The next step is credential containment. Rotate GitHub personal access tokens, fine-grained tokens, npm credentials, cloud credentials, SSH keys, signing keys, and CI secrets that were present on potentially affected developer systems or runners. Revoke active sessions where appropriate and review GitHub audit logs for new repositories, workflow modifications, branch changes, release activity, OIDC exchanges, deploy-key additions, and unusual token use. Rotation should not be treated as complete until persistence mechanisms are removed; otherwise the new credential may be collected again.

CI/CD recovery needs a clean-room mindset. Rebuild runners from trusted images instead of trying to clean them in place. Invalidate poisoned caches, review which pull-request workflows can write to shared caches, minimize workflow permissions, pin third-party actions, and separate untrusted fork execution from release credentials. OIDC improves secret handling, but its trust policy must bind tightly to expected repositories, branches, environments, and workflows. A short-lived token issued to a compromised workflow is still a valid attacker credential.

Developer endpoint controls need to catch up as well. Require review before repository-level agent hooks, editor tasks, or setup scripts execute. Consider opening unfamiliar or newly restored repositories inside disposable development containers with no production credentials. Separate personal coding environments from release environments, keep cloud and package-publishing tokens out of general developer shells, and monitor for abnormal processes launched by editors or AI coding tools. The goal is not to block agentic development. It is to stop repository content from silently deciding what an agent may execute.

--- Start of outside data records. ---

text \<open>c m n = c_m^{(n)}, p m n a = p_m^{(n,a)}; the recursive defining equations on D.\<close>
definition memoryless_coeffs ::
  "real \<Rightarrow> (nat \<Rightarrow> 'a::euclidean_space \<Rightarrow> real) \<Rightarrow> 'a set \<Rightarrow>
   (nat \<Rightarrow> nat \<Rightarrow> 'a \<Rightarrow> 'a) \<Rightarrow> (nat \<Rightarrow> nat \<Rightarrow> nat \<Rightarrow> 'a \<Rightarrow> 'a) \<Rightarrow> bool" where
  "memoryless_coeffs \<beta> L D c p \<longleftrightarrow>
     (\<forall>n. \<forall>\<theta>\<in>D. c 1 n \<theta> = - (\<Sum>k\<le>n. \<beta> ^ k *\<^sub>R gvec (Dk 1 (L (n - k)) \<theta>) [])) \<and>
     (\<forall>m\<ge>2. \<forall>n. \<forall>\<theta>\<in>D. c m n \<theta> =
        - (\<Sum>k\<in>{1..n}. \<beta> ^ k *\<^sub>R
             (\<Sum>i\<le>m - 1. \<Sum>ks\<in>Kset i (m - 1 - i).
                kcoef ks *\<^sub>R gvec (Dk (Suc i) (L (n - k)) \<theta>) (margs ks (\<lambda>q. p q n k \<theta>))))) \<and>
     (\<forall>m\<ge>1. \<forall>n. \<forall>a\<in>{1..n}. \<forall>\<theta>\<in>D. p m n a \<theta> =
        - (\<Sum>s\<in>{1..a}. \<Sum>j\<in>{1..m}. \<Sum>i\<le>m - j. \<Sum>ks\<in>Kset i (m - j - i).
             kcoef ks *\<^sub>R Dk i (c j (n - s)) \<theta> (margs ks (\<lambda>q. p q n s \<theta>))))"

end

theory Submission
  imports Defs
begin

(* Say that f has bounded derivatives of order N with bound B on D if all iterated directional
   derivatives of f of order at most N in unit directions exist on D and have norm at most B.
   This class is closed under sums and bounded linear maps and, up to a factor 2^N coming from the
   Leibniz rule, under products; substituting such functions into the slots of a multilinear form
   with bounded derivatives costs a factor DIM * 2^N per slot, after expanding each argument in the
   standard basis.  The recursion then gives, by induction on m, that c_m^(n) and p_m^(n,a) have
   bounded derivatives of order 2K - m with bounds C and C a^m: the terms of c_m grow like k^(m-1)
   through p^(n,k), which the weights beta^k absorb because sum_k k^e beta^k converges, and the
   sum over s in [1, a] defining p_m adds a^(m-1) sized terms a times. *)

lemma frechet_derivative_cong_open:
  assumes "open D" "x \<in> D" "\<And>y. y \<in> D \<Longrightarrow> f y = g y"
  shows "frechet_derivative f (at x) = frechet_derivative g (at x)"
proof -
  have "(\<lambda>f'. (f has_derivative f') (at x)) = (\<lambda>f'. (g has_derivative f') (at x))"
    using has_derivative_transform_within_open[OF _ assms(1,2), of f _ _ g]
      has_derivative_transform_within_open[OF _ assms(1,2), of g _ _ f] assms(3)
    by (intro ext iffI) auto
  then show ?thesis unfolding frechet_derivative_def by simp
qed

lemma Dk_cong_open:
  assumes "open D" "x \<in> D" "\<And>y. y \<in> D \<Longrightarrow> f y = g y"
  shows "Dk k f x us = Dk k g x us"
  using assms(2)
proof (induction k arbitrary: x us)
  case 0
  then show ?case using assms(3) by simp
next
  case (Suc k)
  show ?case
  proof (cases us)
    case (Cons w ws)
    have "frechet_derivative (\<lambda>y. Dk k f y ws) (at x) = frechet_derivative (\<lambda>y. Dk k g y ws) (at x)"
      by (rule frechet_derivative_cong_open[OF assms(1) Suc.prems]) (rule Suc.IH)
    then show ?thesis using Cons by simp
  qed simp
qed
theorem proposition3p6:
  fixes n k :: nat and A B :: "nat \<Rightarrow> real"
    and C D C' D' \<Delta> c r :: real
  assumes "n \<ge> 1" and "k \<ge> 1" and "odd (n + k)"
  defines "C \<equiv> real n + real k + (\<Sum>j=1..k. (-1) ^ j * (real n + real k - 2 * real j) * A j)"
      and "D \<equiv> (\<Sum>j=1..k. (-1) ^ j * (real n + real k - 2 * real j) * B j)"
      and "C' \<equiv> 1 + (\<Sum>j=1..k. (-1) ^ j * A j)"
      and "D' \<equiv> (\<Sum>j=1..k. (-1) ^ j * B j)"
      and "\<Delta> \<equiv> D\<^sup>2 - D'\<^sup>2"
      and "c \<equiv> (C * D - C' * D') / \<Delta>"
      and "r \<equiv> (C' * D - C * D') / \<Delta>"
  shows
    "(\<forall>\<alpha>. admissible k A B \<alpha> \<longrightarrow> Omap n k A B \<alpha> (-1) = -1)
   \<and> (\<Delta> \<noteq> 0 \<longrightarrow> (\<forall>\<alpha>. admissible k A B \<alpha> \<longrightarrow>
        (cmod (\<alpha> + complex_of_real c) = \<bar>r\<bar> \<longrightarrow> indifferent_fp (Omap n k A B \<alpha>) (-1))
      \<and> (cmod (\<alpha> + complex_of_real c) < \<bar>r\<bar> \<longrightarrow>
           (if \<Delta> > 0 then attracting_fp (Omap n k A B \<alpha>) (-1) else repelling_fp (Omap n k A B \<alpha>) (-1)))
      \<and> (cmod (\<alpha> + complex_of_real c) > \<bar>r\<bar> \<longrightarrow>
           (if \<Delta> > 0 then repelling_fp (Omap n k A B \<alpha>) (-1) else attracting_fp (Omap n k A B \<alpha>) (-1)))))
   \<and> (D = D' \<and> D \<noteq> 0 \<longrightarrow> (\<forall>\<alpha>. admissible k A B \<alpha> \<longrightarrow>
        (C = C' \<longrightarrow> indifferent_fp (Omap n k A B \<alpha>) (-1))
      \<and> ((Re \<alpha> < - (C + C') / (2 * D) \<and> D * (C - C') > 0) \<or> (Re \<alpha> > - (C + C') / (2 * D) \<and> D * (C - C') < 0)
           \<longrightarrow> attracting_fp (Omap n k A B \<alpha>) (-1))
      \<and> ((Re \<alpha> > - (C + C') / (2 * D) \<and> D * (C - C') > 0) \<or> (Re \<alpha> < - (C + C') / (2 * D) \<and> D * (C - C') < 0)
           \<longrightarrow> repelling_fp (Omap n k A B \<alpha>) (-1))))
   \<and> (D = - D' \<and> D \<noteq> 0 \<longrightarrow> (\<forall>\<alpha>. admissible k A B \<alpha> \<longrightarrow>
        (C = - C' \<longrightarrow> indifferent_fp (Omap n k A B \<alpha>) (-1))
      \<and> ((Re \<alpha> < (C' - C) / (2 * D) \<and> D * (C + C') > 0) \<or> (Re \<alpha> > (C' - C) / (2 * D) \<and> D * (C + C') < 0)
           \<longrightarrow> attracting_fp (Omap n k A B \<alpha>) (-1))
      \<and> ((Re \<alpha> > (C' - C) / (2 * D) \<and> D * (C + C') > 0) \<or> (Re \<alpha> < (C' - C) / (2 * D) \<and> D * (C + C') < 0)
           \<longrightarrow> repelling_fp (Omap n k A B \<alpha>) (-1))))
   \<and> (D = 0 \<and> D' = 0 \<longrightarrow> (\<forall>\<alpha>. admissible k A B \<alpha> \<longrightarrow>
        (\<bar>C\<bar> = \<bar>C'\<bar> \<longrightarrow> indifferent_fp (Omap n k A B \<alpha>) (-1))
      \<and> (\<bar>C\<bar> < \<bar>C'\<bar> \<longrightarrow> attracting_fp (Omap n k A B \<alpha>) (-1))
      \<and> (\<bar>C\<bar> > \<bar>C'\<bar> \<longrightarrow> repelling_fp (Omap n k A B \<alpha>) (-1))))
   \<and> (D \<noteq> 0 \<and> admissible k A B (complex_of_real (- C / D)) \<longrightarrow>
        superattracting_fp (Omap n k A B (complex_of_real (- C / D))) (-1))"
proof -
  note multiplier = Omap_multiplier_at_minus_one[OF \<open>odd (n + k)\<close>
      C_def[THEN meta_eq_to_obj_eq] D_def[THEN meta_eq_to_obj_eq]
      C'_def[THEN meta_eq_to_obj_eq] D'_def[THEN meta_eq_to_obj_eq]
      admissible_imp_Omap_denominator_nonzero]
  define G where "G \<alpha> = (cmod (of_real C + of_real D * \<alpha>))\<^sup>2 - (cmod (of_real C' + of_real D' * \<alpha>))\<^sup>2"
    for \<alpha> :: complex
  have type_by_G: "Omap n k A B \<alpha> (-1) = -1"
      "indifferent_fp (Omap n k A B \<alpha>) (-1) \<longleftrightarrow> G \<alpha> = 0"
      "attracting_fp (Omap n k A B \<alpha>) (-1) \<longleftrightarrow> G \<alpha> < 0"
      "repelling_fp (Omap n k A B \<alpha>) (-1) \<longleftrightarrow> G \<alpha> > 0"
    if "admissible k A B \<alpha>" for \<alpha>
    using multiplier[OF that] unfolding G_def by (simp_all add: fixed_point_type_by_multiplier)
  have superattracting: "superattracting_fp (Omap n k A B (of_real (- C / D))) (-1)"
    if "D \<noteq> 0" and "admissible k A B (of_real (- C / D))"
    using multiplier[OF that(2)] that(1) by (simp add: superattracting_fp_def field_simps)
  note circle = norm_sq_diff_sign_circle[where C = C and D = D and C' = C' and D' = D',
      folded \<Delta>_def, folded c_def r_def G_def]
  note diagonal = norm_sq_diff_sign_diagonal[where C = C and D = D and C' = C' and D' = D', folded G_def]
  note antidiagonal = norm_sq_diff_sign_antidiagonal[where C = C and D = D and C' = C' and D' = D', folded G_def]
  note constant_case = norm_sq_diff_sign_constant[where C = C and D = D and C' = C' and D' = D', folded G_def]
  show ?thesis
    using superattracting by (simp add: type_by_G circle diagonal antidiagonal constant_case)
qed

end
lemma u_eq_correlation:
  "u p q b \<alpha> n
    = correlation (cF p q b n) (Sigma {..<length \<alpha>} (\<lambda>j. {..<\<alpha> ! j})) (\<lambda>i. int (fst i))"
proof -
  have "(\<Prod>j<length \<alpha>. cF p q b n (k + int j) ^ (\<alpha> ! j))
      = (\<Prod>i\<in>Sigma {..<length \<alpha>} (\<lambda>j. {..<\<alpha> ! j}). cF p q b n (k + int (fst i)))" for k
  proof -
    have "(\<Prod>j<length \<alpha>. cF p q b n (k + int j) ^ (\<alpha> ! j))
        = (\<Prod>j<length \<alpha>. \<Prod>t<\<alpha> ! j. cF p q b n (k + int j))"
      by simp
    also have "\<dots> = (\<Prod>i\<in>Sigma {..<length \<alpha>} (\<lambda>j. {..<\<alpha> ! j}). cF p q b n (k + int (fst i)))"
      by (subst prod.Sigma) (auto simp: case_prod_beta')
    finally show ?thesis .
  qed
  then show ?thesis
    by (simp add: u_def correlation_def)
qed

theorem theorem4p1:
  fixes p q :: "complex poly" and b :: nat and \<alpha> :: "nat list"
  assumes "b \<ge> 2"
    and "\<exists>j<length \<alpha>. \<alpha> ! j > 0"
  shows "\<exists>P Q :: complex poly. poly Q 0 \<noteq> 0 \<and>
           Abs_fps (u p q b \<alpha>) = fps_of_poly P / fps_of_poly Q"
proof -
  define I where "I = Sigma {..<length \<alpha>} (\<lambda>j. {..<\<alpha> ! j})"
  define D where "D = PiE I (\<lambda>_. {..degree q})"
  \<comment> \<open>\<open>A \<ge> deg p\<close> makes the box of shifts invariant,
    and it bounds the initial shifts \<open>j - l\<close>.\<close>
  define A where "A = int (max (degree p) (max (degree q) (length \<alpha>)))"
  have I: "finite I" "I \<noteq> {}"
    using assms(2) by (auto simp: I_def)
  obtain k a where rec: "\<And>n h. \<forall>i\<in>I. \<bar>h i\<bar> \<le> A \<Longrightarrow>
      correlation (cF p 1 b (n + k)) I h = (\<Sum>j<k. a j * correlation (cF p 1 b (n + j)) I h)"
    using correlation_cF_linear_recurrence[OF I assms(1), of p A] by (auto simp: A_def)
  have u: "u p q b \<alpha> n = (\<Sum>f\<in>D. (\<Prod>i\<in>I. coeff q (f i)) *
      correlation (cF p 1 b n) I (\<lambda>i. int (fst i) - int (f i)))" for n
    unfolding u_eq_correlation I_def[symmetric] D_def
    by (rule correlation_convolution[OF I finite_cF_support cF_eq_convolution])
  have shifts_bounded: "\<forall>i\<in>I. \<bar>int (fst i) - int (f i)\<bar> \<le> A" if "f \<in> D" for f
    using that by (force simp: D_def I_def A_def PiE_iff)
  have "u p q b \<alpha> (n + k) = (\<Sum>j<k. a j * u p q b \<alpha> (n + j))" for n
    unfolding u
    by (rule linear_recurrence_sum[where
          w = "\<lambda>f m. correlation (cF p 1 b m) I (\<lambda>i. int (fst i) - int (f i))"])
      (simp add: rec shifts_bounded)
  then show ?thesis
    by (rule rational_fps_of_linear_recurrence)
qed

end
abbreviation addB :: "'a \<times> 'b \<Rightarrow> 'a \<times> 'b \<Rightarrow> 'a \<times> 'b" where "addB \<equiv> asym_add (\<oplus>\<^sub>S) (\<oplus>\<^sub>T) delta bb"
abbreviation multB :: "'a \<times> 'b \<Rightarrow> 'a \<times> 'b \<Rightarrow> 'a \<times> 'b" where "multB \<equiv> asym_mult (\<cdot>\<^sub>S) (\<cdot>\<^sub>T) sigma"
abbreviation invB :: "'a \<times> 'b \<Rightarrow> 'a \<times> 'b" where "invB \<equiv> asym_inv invS invT sigma"

lemma sigma_add: "sigma u (a \<oplus>\<^sub>S b) = sigma u a \<oplus>\<^sub>S sigma u b"
  using sigma_aut by (simp add: is_aut_def)

lemma sigma_mult: "sigma u (a \<cdot>\<^sub>S b) = sigma u a \<cdot>\<^sub>S sigma u b"
  using sigma_aut by (simp add: is_aut_def)

lemma sigma_comp: "sigma (u \<cdot>\<^sub>T v) a = sigma u (sigma v a)"
  using sigma_hom by simp

lemma sigma_one_left [simp]: "sigma \<one>\<^sub>T a = a"
proof -
  have "inj (sigma \<one>\<^sub>T)"
    using sigma_aut by (simp add: is_aut_def bij_is_inj)
  moreover have "sigma \<one>\<^sub>T (sigma \<one>\<^sub>T a) = sigma \<one>\<^sub>T a"
    by (simp flip: sigma_comp add: T.mult.group_left_neutral)
  ultimately show ?thesis
    by (simp add: inj_eq)
qed

lemma sigma_inv_cancel [simp]: "sigma u (sigma (invT u) a) = a"
  by (simp flip: sigma_comp)

lemma sigma_one_right [simp]: "sigma u \<one>\<^sub>S = \<one>\<^sub>S"
  using sigma_mult[of u "\<one>\<^sub>S" "\<one>\<^sub>S"] by (metis S.mult.left_cancel S.mult.right_neutral)

lemma semigroup_asym_add: "semigroup_op addB"
  unfolding semigroup_op_def
proof (intro allI)
  fix X Y Z :: "'a \<times> 'b"
  obtain a u b v c w where XYZ: "X = (a, u)" "Y = (b, v)" "Z = (c, w)"
    by (metis prod.exhaust)
  have "bb (a \<oplus>\<^sub>S b) c \<oplus>\<^sub>T delta c (bb a b) \<oplus>\<^sub>T delta c (delta b u) \<oplus>\<^sub>T delta c v \<oplus>\<^sub>T w
      = bb a (b \<oplus>\<^sub>S c) \<oplus>\<^sub>T delta (b \<oplus>\<^sub>S c) u \<oplus>\<^sub>T bb b c \<oplus>\<^sub>T delta c v \<oplus>\<^sub>T w"
    using cocycle by (simp add: delta_cocycle_def)
  then show "addB (addB X Y) Z = addB X (addB Y Z)"
    by (simp add: XYZ S.add_assoc T.add_assoc delta_end)
qed

lemma group_asym_mult: "group_ops multB (\<one>\<^sub>S, \<one>\<^sub>T) invB"
  unfolding group_ops_def
proof (intro conjI allI)
  fix X Y Z :: "'a \<times> 'b"
  obtain a u b v c w where XYZ: "X = (a, u)" "Y = (b, v)" "Z = (c, w)"
    by (metis prod.exhaust)
  show "multB (multB X Y) Z = multB X (multB Y Z)"
    by (simp add: XYZ S.mult.assoc T.mult.assoc sigma_comp sigma_mult)
next
  fix X :: "'a \<times> 'b"
  obtain a u where X: "X = (a, u)"
    by (metis prod.exhaust)
  show "multB (\<one>\<^sub>S, \<one>\<^sub>T) X = X" and "multB X (\<one>\<^sub>S, \<one>\<^sub>T) = X"
    by (simp_all add: X S.mult.group_left_neutral T.mult.group_left_neutral)
  show "multB (invB X) X = (\<one>\<^sub>S, \<one>\<^sub>T)"
    by (simp add: X flip: sigma_mult)
  show "multB X (invB X) = (\<one>\<^sub>S, \<one>\<^sub>T)"
    by (simp add: X)
qed

lemma asym_distrib: "multB X (addB Y Z) = addB (multB X Y) (multB X (addB (invB X) Z))"
proof -
  obtain a u b v c w where XYZ: "X = (a, u)" "Y = (b, v)" "Z = (c, w)"
    by (metis prod.exhaust)
  let ?l = "lam (\<oplus>\<^sub>S) (\<cdot>\<^sub>S) invS a (sigma u c)"
  let ?a' = "sigma (invT u) (invS a)"
  have "a \<cdot>\<^sub>S sigma u (b \<oplus>\<^sub>S c) = a \<cdot>\<^sub>S sigma u b \<oplus>\<^sub>S ?l"
    by (simp add: sigma_add S.distrib)
  moreover have "a \<cdot>\<^sub>S sigma u (?a' \<oplus>\<^sub>S c) = ?l"
    by (simp add: sigma_add lam_def)
  moreover have "u \<cdot>\<^sub>T (bb b c \<oplus>\<^sub>T delta c v \<oplus>\<^sub>T w)
      = bb (a \<cdot>\<^sub>S sigma u b) ?l \<oplus>\<^sub>T delta ?l (u \<cdot>\<^sub>T v)
          \<oplus>\<^sub>T u \<cdot>\<^sub>T (bb ?a' c \<oplus>\<^sub>T delta c (invT u) \<oplus>\<^sub>T w)"
  proof -
    have "bb (a \<cdot>\<^sub>S sigma u b) ?l \<oplus>\<^sub>T delta ?l (u \<cdot>\<^sub>T v)
          \<oplus>\<^sub>T u \<cdot>\<^sub>T (bb ?a' c \<oplus>\<^sub>T delta c (invT u)) = u \<cdot>\<^sub>T (bb b c \<oplus>\<^sub>T delta c v)"
      using compat by blast
    then have "u \<cdot>\<^sub>T (bb b c \<oplus>\<^sub>T delta c v \<oplus>\<^sub>T w) = bb (a \<cdot>\<^sub>S sigma u b) ?l \<oplus>\<^sub>T delta ?l (u \<cdot>\<^sub>T v)
          \<oplus>\<^sub>T u \<cdot>\<^sub>T (bb ?a' c \<oplus>\<^sub>T delta c (invT u)) \<oplus>\<^sub>T lam (\<oplus>\<^sub>T) (\<cdot>\<^sub>T) invT u w"
      by (simp only: T.distrib[of u _ w])
    then show ?thesis
      by (simp only: T.distrib T.add_assoc T.lam_add)
  qed
  ultimately show ?thesis
    by (simp add: XYZ)
qed

theorem left_semi_brace_asym: "left_semi_brace addB multB (\<one>\<^sub>S, \<one>\<^sub>T) invB"
  unfolding left_semi_brace_def using semigroup_asym_add group_asym_mult asym_distrib by blast

context
  assumes bb_one_left: "\<forall>a u. bb \<one>\<^sub>S a \<oplus>\<^sub>T u = \<one>\<^sub>T \<oplus>\<^sub>T u"
begin

lemma T_one_add [simp]: "\<one>\<^sub>T \<oplus>\<^sub>T t = t"
proof -
  define Y where "Y = bb \<one>\<^sub>S \<one>\<^sub>S \<oplus>\<^sub>T delta \<one>\<^sub>S \<one>\<^sub>T"
  \<comment> \<open>\<open>compat\<close> at \<open>a = b = c = \<one>\<^sub>S\<close> puts every \<open>u \<cdot>\<^sub>T Y\<close>, hence every element of \<open>T\<close>, into \<open>\<one>\<^sub>T \<oplus>\<^sub>T T\<close>.\<close>
  have "\<exists>W. u \<cdot>\<^sub>T Y = \<one>\<^sub>T \<oplus>\<^sub>T W" for u
    using compat[rule_format, where a="\<one>\<^sub>S" and b="\<one>\<^sub>S" and c="\<one>\<^sub>S" and u=u and v="\<one>\<^sub>T"] bb_one_left
    by (simp add: Y_def T.add_assoc S.mult.group_left_neutral) metis
  then have "\<one>\<^sub>T \<oplus>\<^sub>T u \<cdot>\<^sub>T Y = u \<cdot>\<^sub>T Y" for u
    by (metis T.add_one_absorb)
  then show ?thesis
    by (metis T.mult.assoc T.mult.left_inverse T.mult.right_neutral)
qed

lemma bb_one_add [simp]: "bb \<one>\<^sub>S a \<oplus>\<^sub>T u = u"
  using bb_one_left by simp

lemma delta_one_add [simp]: "delta a \<one>\<^sub>T \<oplus>\<^sub>T u = u"
proof (rule T.idempotent_left_neutral)
  show "delta a \<one>\<^sub>T \<oplus>\<^sub>T delta a \<one>\<^sub>T = delta a \<one>\<^sub>T"
    using delta_end by (metis T_one_add)
qed simp

lemma asym_one_add: "addB (\<one>\<^sub>S, \<one>\<^sub>T) (c, w) = (\<one>\<^sub>S \<oplus>\<^sub>S c, w)"
  by (simp add: T.add_assoc)

theorem is_solution_asym:
  assumes "is_solution (assoc_map (\<oplus>\<^sub>S) (\<cdot>\<^sub>S) invS)"
  shows "is_solution (assoc_map addB multB invB)"
proof -
  interpret B: semi_brace addB multB "(\<one>\<^sub>S, \<one>\<^sub>T)" invB
    by (rule semi_brace.intro) (rule left_semi_brace_asym)
  have S_criterion: "\<one>\<^sub>S \<oplus>\<^sub>S b \<cdot>\<^sub>S (\<one>\<^sub>S \<oplus>\<^sub>S c) = \<one>\<^sub>S \<oplus>\<^sub>S b \<cdot>\<^sub>S c" for b c
    using assms S.is_solution_iff by blast
  show ?thesis
    unfolding B.is_solution_iff
  proof (intro allI)
    fix Y Z :: "'a \<times> 'b"
    obtain b v c w where "Y = (b, v)" "Z = (c, w)"
      by (metis prod.exhaust)
    then show "addB (\<one>\<^sub>S, \<one>\<^sub>T) (multB Y (addB (\<one>\<^sub>S, \<one>\<^sub>T) Z)) = addB (\<one>\<^sub>S, \<one>\<^sub>T) (multB Y Z)"
      by (simp add: asym_one_add sigma_add S_criterion del: asym_add_Pair)
  qed
qed

end

end

theorem theorem55:
  fixes addS multS :: "'a \<Rightarrow> 'a \<Rightarrow> 'a" and oneS :: 'a and invS :: "'a \<Rightarrow> 'a"
    and addT multT :: "'b \<Rightarrow> 'b \<Rightarrow> 'b" and oneT :: 'b and invT :: "'b \<Rightarrow> 'b"
    and sigma :: "'b \<Rightarrow> 'a \<Rightarrow> 'a" and delta :: "'a \<Rightarrow> 'b \<Rightarrow> 'b" and bb :: "'a \<Rightarrow> 'a \<Rightarrow> 'b"
  assumes S: "left_semi_brace addS multS oneS invS"
    and T: "left_semi_brace addT multT oneT invT"
    and solS: "is_solution (assoc_map addS multS invS)"
    and solT: "is_solution (assoc_map addT multT invT)"
    and sigma_aut: "\<forall>u. is_aut addS multS (sigma u)"
    and sigma_hom: "\<forall>u v. sigma (multT u v) = sigma u \<circ> sigma v"
    and delta_end: "\<forall>a u v. delta a (addT u v) = addT (delta a u) (delta a v)"
    and cocycle: "delta_cocycle addS addT delta bb"
    and compat: "\<forall>a b c u v.
       addT (addT (bb (multS a (sigma u b)) (lam addS multS invS a (sigma u c)))
                  (delta (lam addS multS invS a (sigma u c)) (multT u v)))
            (multT u (addT (bb (sigma (invT u) (invS a)) c) (delta c (invT u))))
       = multT u (addT (bb b c) (delta c v))"
    and cond1: "\<forall>a u. delta a (delta oneS u) = delta a u"
    and cond2: "\<forall>a u. addT (bb oneS a) u = addT oneT u"
    and cond3: "\<forall>a b. bb a (addS oneS b) = bb a b"
  shows "is_solution (assoc_map (asym_add addS addT delta bb) (asym_mult multS multT sigma)
                                (asym_inv invS invT sigma))"
proof -
  interpret asym_product addS multS oneS invS addT multT oneT invT sigma delta bb
    using S T sigma_aut sigma_hom delta_end cocycle compat
    by (simp add: asym_product_def asym_product_axioms_def semi_brace_def)
  show ?thesis
    using is_solution_asym[OF cond2 solS] .
qed

end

Finally, maintainers should treat recovery as an ecosystem event. Notify downstream users, identify all packages and repositories reachable by the compromised identity, publish known-good commit and release information, and provide explicit credential-rotation guidance. Re-enable repositories only after account recovery, workflow review, secret rotation, artifact validation, and sibling-project assessment. The Miasma lesson is that one compromised package or repository is rarely the complete boundary when identities and automation span an organization.

HackWednesday's takeaway is straightforward: authenticated software is not automatically trustworthy software. Miasma reportedly propagated by blending into the legitimate mechanisms used to build, sign, publish, clone, and analyze code. Defenders must verify the identity, the workflow, the artifact, and the developer execution context together. AI coding agents add another powerful link to that chain, which means they need the same least-privilege, isolation, review, and telemetry expected from any other production-capable automation.